(* Let $T\ge1$, $\tau>0$ with $\tau L<\frac14$, and let $(x_t)$ be generated from a deterministic $x_0$ by the randomized incremental proximal method $x_{t+1}=\operatorname{prox}_{\tau m g_{j_t}}(x_t-\tau\nabla f_{i_t}(x_t))$. Let $\epsilon'>0$ be such that $a:=2\tau L(1+\epsilon')<1$, let $v=(1+1/\epsilon')\sigma_*^2\tau$, and define $\alpha_{-1}=\alpha_0=1$, $\alpha_t=\frac{T-t+2}{a+T-t+1}\alpha_{t-1}$ for $t=1,\dots,T$. Then \[ \mathbb{E}[h(x_{T+1})-h^*]\le\frac{1}{2\tau\alpha_T}\mathbb{E}\|x_0-x^*\|^2+\frac{v\alpha_0}{\alpha_T}+\frac{v}{\alpha_T}\sum_{t=1}^T\alpha_t+\frac{1}{\alpha_T}\mathbb{E}[h(x_0)-h^*]+\frac{8\tau m^2L_g^2}{\alpha_T}\sum_{t=0}^T\alpha_t. \]
   Context: Let $D$ be a probability distribution on an index set, and for each index $i$ let $f_i:\mathbb{R}^n\to\mathbb{R}$ be convex and differentiable with $L$-Lipschitz gradient ($L>0$). Let $f(x)=\mathbb{E}_{i\sim D}[f_i(x)]$ with $\mathbb{E}_{i\sim D}[\nabla f_i(x)]=\nabla f(x)$. Let $g=\sum_{j=1}^m g_j$ with each $g_j:\mathbb{R}^n\to\mathbb{R}$ proper, convex, lower semicontinuous and $L_g$-Lipschitz. Let $h=f+g$, assume $\arg\min h\neq\emptyset$, $h^*=\min h$, and let $x^*\in\arg\min h$ be such that $\sigma_*^2:=\mathbb{E}_{i\sim D}\|\nabla f_i(x^* )\|^2<\infty$. $\operatorname{prox}_{\lambda\phi}(y)=\arg\min_z\{\lambda\phi(z)+\tfrac12\|y-z\|^2\}$. At each iteration $i_t\sim D$ and $j_t$ uniform on $\{1,\dots,m\}$, independent of each other and of $x_0,\dots,x_t$. *)

theory Defs
  imports "HOL-Probability.Probability"
begin

definition prox :: "real \<Rightarrow> ('a::real_normed_vector \<Rightarrow> real) \<Rightarrow> 'a \<Rightarrow> 'a" where
  "prox lam phi y = (SOME z. \<forall>w. lam * phi z + (1/2) * (norm (y - z))\<^sup>2
                                 \<le> lam * phi w + (1/2) * (norm (y - w))\<^sup>2)"

fun alphaw :: "real \<Rightarrow> nat \<Rightarrow> nat \<Rightarrow> real" where
  "alphaw a T 0 = 1"
| "alphaw a T (Suc t) = (real T - real (Suc t) + 2) / (a + real T - real (Suc t) + 1) * alphaw a T t"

——————————

# [Assigned task]
Exactly as written, give the line containing "theory Defs" and all remaining lines of the records.

# [Answer]
theory Defs
  imports "HOL-Probability.Probability"
begin

definition prox :: "real \<Rightarrow> ('a::real_normed_vector \<Rightarrow> real) \<Rightarrow> 'a \<Rightarrow> 'a" where
  "prox lam phi y = (SOME z. \<forall>w. lam * phi z + (1/2) * (norm (y - z))\<^sup>2
                                 \<le> lam * phi w + (1/2) * (norm (y - w))\<^sup>2)"

fun alphaw :: "real \<Rightarrow> nat \<Rightarrow> nat \<Rightarrow> real" where
  "alphaw a T 0 = 1"
| "alphaw a T (Suc t) = (real T - real (Suc t) + 2) / (a + real T - real (Suc t) + 1) * alphaw a T t"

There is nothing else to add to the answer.